At CSM we have invested a lot of time and energy, quite rightly, to build real relationships with journalists outside of pitching stories which allowed us to reap the benefits during the difficult periods.
While there may be some doom and gloom around the state of the sports journalism industry post Covid-19, another positive that could come from it is a thawing in relationships between sports governance and sports media.
Associated Press’ Harris tweeted his surprise that ‘Premier League chief executive Richard Masters has now spoken to the media publicly twice in a couple of weeks.’ While this may have been a comment made with tongue in cheek, the need to get the correct message out during a hugely confusing time clearly hit home in the corridors of power.
And with sponsors not getting as much exposure on television, interviews with mass media has become even more paramount to help sate demands from clubs for mass media exposure.

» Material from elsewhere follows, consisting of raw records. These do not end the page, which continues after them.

lemma alpha_eq_odd_deriv_poly:
  assumes "x \<noteq> 0"
  shows "alpha k x = poly (odd_deriv_poly k) (1 - 2 / x) / fact (2 * k + 1)"
proof -
  define c where "c = 1 - x"
  define r where "r = csqrt (of_real (c\<^sup>2 - 1))"
  have r: "r\<^sup>2 = of_real (c\<^sup>2 - 1)"
    by (simp add: r_def)
  have "cosh 0 \<noteq> c"
    using assms by (simp add: c_def)
  have square: "poly [:0, 0, 1:] y = y\<^sup>2" for y :: complex
    by (simp add: power2_eq_square)
  have odd_value: "poly (riccati_poly (2 * k + 1)) y = of_real (poly (odd_deriv_poly k) (1 - 2 / x))"
    if "y\<^sup>2 = of_real (1 - 2 / x)" for y :: complex
    unfolding riccati_poly_odd poly_pcompose square that by (rule poly_map_poly_of_real)
  have value_at_0: "(c\<^sup>2 - 1) / x\<^sup>2 = 1 - 2 / x"
    using assms by (simp add: c_def field_simps power2_eq_square)
  have "(r / of_real x)\<^sup>2 = r\<^sup>2 / of_real (x\<^sup>2)"
    by (simp add: power_divide)
  also have "\<dots> = of_real ((c\<^sup>2 - 1) / x\<^sup>2)"
    by (simp only: r of_real_divide)
  finally have "(r / of_real x)\<^sup>2 = of_real (1 - 2 / x)"
    by (simp only: value_at_0)
  then have "poly (riccati_poly (2 * k + 1)) (- (r / of_real x)) = of_real (poly (odd_deriv_poly k) (1 - 2 / x))"
    "poly (riccati_poly (2 * k + 1)) (r / of_real x) = of_real (poly (odd_deriv_poly k) (1 - 2 / x))"
    by (simp_all only: odd_value power2_minus)
  moreover have "sinh_cosh_quot (- r) (of_real c) 0 = - (r / of_real x)"
    "sinh_cosh_quot r (of_real c) 0 = r / of_real x"
    by (simp_all add: sinh_cosh_quot_def c_def)
  ultimately have "(deriv ^^ (2 * k + 1)) (\<lambda>z. sinh z / (cosh z - c)) 0 = poly (odd_deriv_poly k) (1 - 2 / x)"
    using higher_deriv_sinh_div_cosh_diff[OF r \<open>cosh 0 \<noteq> c\<close>, of "2 * k + 1"]
    unfolding of_real_0 by simp
  moreover have "(\<lambda>z. sinh z / (cosh z - c)) = (\<lambda>z. sinh z / (cosh z - 1 + x))"
    by (simp add: c_def algebra_simps)
  ultimately show ?thesis
    by (simp add: alpha_def)
qed

lemma alpha_root_gt_two:
  assumes "x \<noteq> 0" "alpha k x = 0"
  shows "2 < x"
proof -
  have "poly (odd_deriv_poly k) (1 - 2 / x) = 0"
    using assms alpha_eq_odd_deriv_poly by simp
  then have "0 < 1 - 2 / x" "1 - 2 / x \<le> 1"
    by (rule odd_deriv_poly_root_bounds)+
  then show ?thesis
    using assms(1) by (cases "0 < x") (auto simp: field_simps)
qed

At CSM, our work with brands such as Sure and Dove Men+Care has secured some great coverage using athletes such as Chelsea’s Tammy Abraham in national newspapers talking about their lockdown habits and how to move more at home.

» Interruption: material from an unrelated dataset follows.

(* Let $\ast$ be a composition on $\mathbb{L}$ that admits Taylor expansion, i.e., for all $f,g,h\in\mathbb{L}$ with $g>\mathbb{R}$ and $h\prec g$ the sum $\sum_{n=0}^\infty\frac{f^{(n)}\ast g}{n!}h^n$ exists and equals $f\ast(g+h)$. Then $\ast$ obeys the chain rule: $(f\ast g)'=(f'\ast g)\cdot g'$ for all $f,g\in\mathbb{L}$ with $g>\mathbb{R}$.
   Context: Fix distinct symbols $\ell_\alpha$ for all ordinals $\alpha$. Exponent sequences $r=(r_\beta)$ are families of reals over all ordinals, zero beyond some ordinal; monomials $\ell^r=\prod_\beta\ell_\beta^{r_\beta}$ form a group $\mathfrak{L}$ ($\ell^r\ell^s=\ell^{r+s}$), ordered by $\ell^r\prec\ell^s$ iff $r\ne s$ and $r_\beta<s_\beta$ at the least differing $\beta$; $\ell_\alpha$ is the monomial with exponent $1$ at $\alpha$ and $0$ elsewhere, $x:=\ell_0$. With $\sigma(\ell^r)=\{\beta:r_\beta\neq0\}$, $\mathfrak{L}_{<\alpha}=\{\mathfrak{m}:\sigma(\mathfrak{m})\subseteq\alpha\}$, $\mathbb{L}_{<\alpha}=\mathbb{R}[[\mathfrak{L}_{<\alpha}]]$ is the Hahn field of series with well-based support (no infinite strictly increasing sequence), ordered by the sign of the leading coefficient, and $\mathbb{L}=\bigcup_\alpha\mathbb{L}_{<\alpha}$. $f\prec g$ means $\mathfrak{d}(f)\prec\mathfrak{d}(g)$, where $\mathfrak{d}$ is the largest monomial of the support ($\mathfrak{d}(0)=0$, below all monomials). $g>\mathbb{R}$ means $g>c$ for all real $c$; $\mathbb{L}^{>\mathbb{R}}$ is the class of such $g$. Summable families: all members in one $\mathbb{L}_{<\alpha}$, union of supports well-based, each monomial in finitely many supports; sums coefficientwise. Logarithm: $\log\ell^r=\sum r_\beta\ell_{\beta+1}$ and $\log(c\,\mathfrak{d}(f)(1+\epsilon))=\log\mathfrak{d}(f)+\log c+\sum_{n\ge1}\frac{(-1)^{n-1}}{n}\epsilon^n$ for $c\in\mathbb{R}^{>0}$, $\epsilon\prec1$. $f'$, $f^{(n)}$ refer to the unique $\mathbb{R}$-linear derivation on $\mathbb{L}$ with $\ell_\alpha'=\prod_{\beta<\alpha}\ell_\beta^{-1}$ commuting with sums of summable families. A composition on $\mathbb{L}$ is a map $\ast:\mathbb{L}\times\mathbb{L}^{>\mathbb{R}}\to\mathbb{L}$ such that (CL1) each $f\mapsto f\ast g$ is an $\mathbb{R}$-algebra endomorphism; (CL2) $f\ast x=f$, $x\ast g=g$; (CL3) $\log(f\ast g)=(\log f)\ast g$ for $f>0$; (CL4) $f\mapsto f\ast g$ maps summable families to summable families and commutes with their sums; (CL5) $(f\ast g)\ast h=f\ast(g\ast h)$. *)

theory Defs
  imports Complex_Main
begin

What will the sports’ press look like once we have all of sport back up and running? I wouldn’t bet against it bouncing back. After all, with the decline of print sales came the advent of Twitter and the digital subscription sales model.
With the pandemic forcing sport to open its doors to media, and the media to open its eyes to new sports and stories, this could be the opportunity to enter a new stage of creativity and co-operativity between media and sport communicators.
And, as a big believer in collaboration which delivers both for the media as well as the client, I hope this will be a moment to look back and see the unparalleled difficulty of the pandemic as a positive learning experience for journalists, communications professionals and for brands. At times like this, we should remind ourselves that we’re all in it together.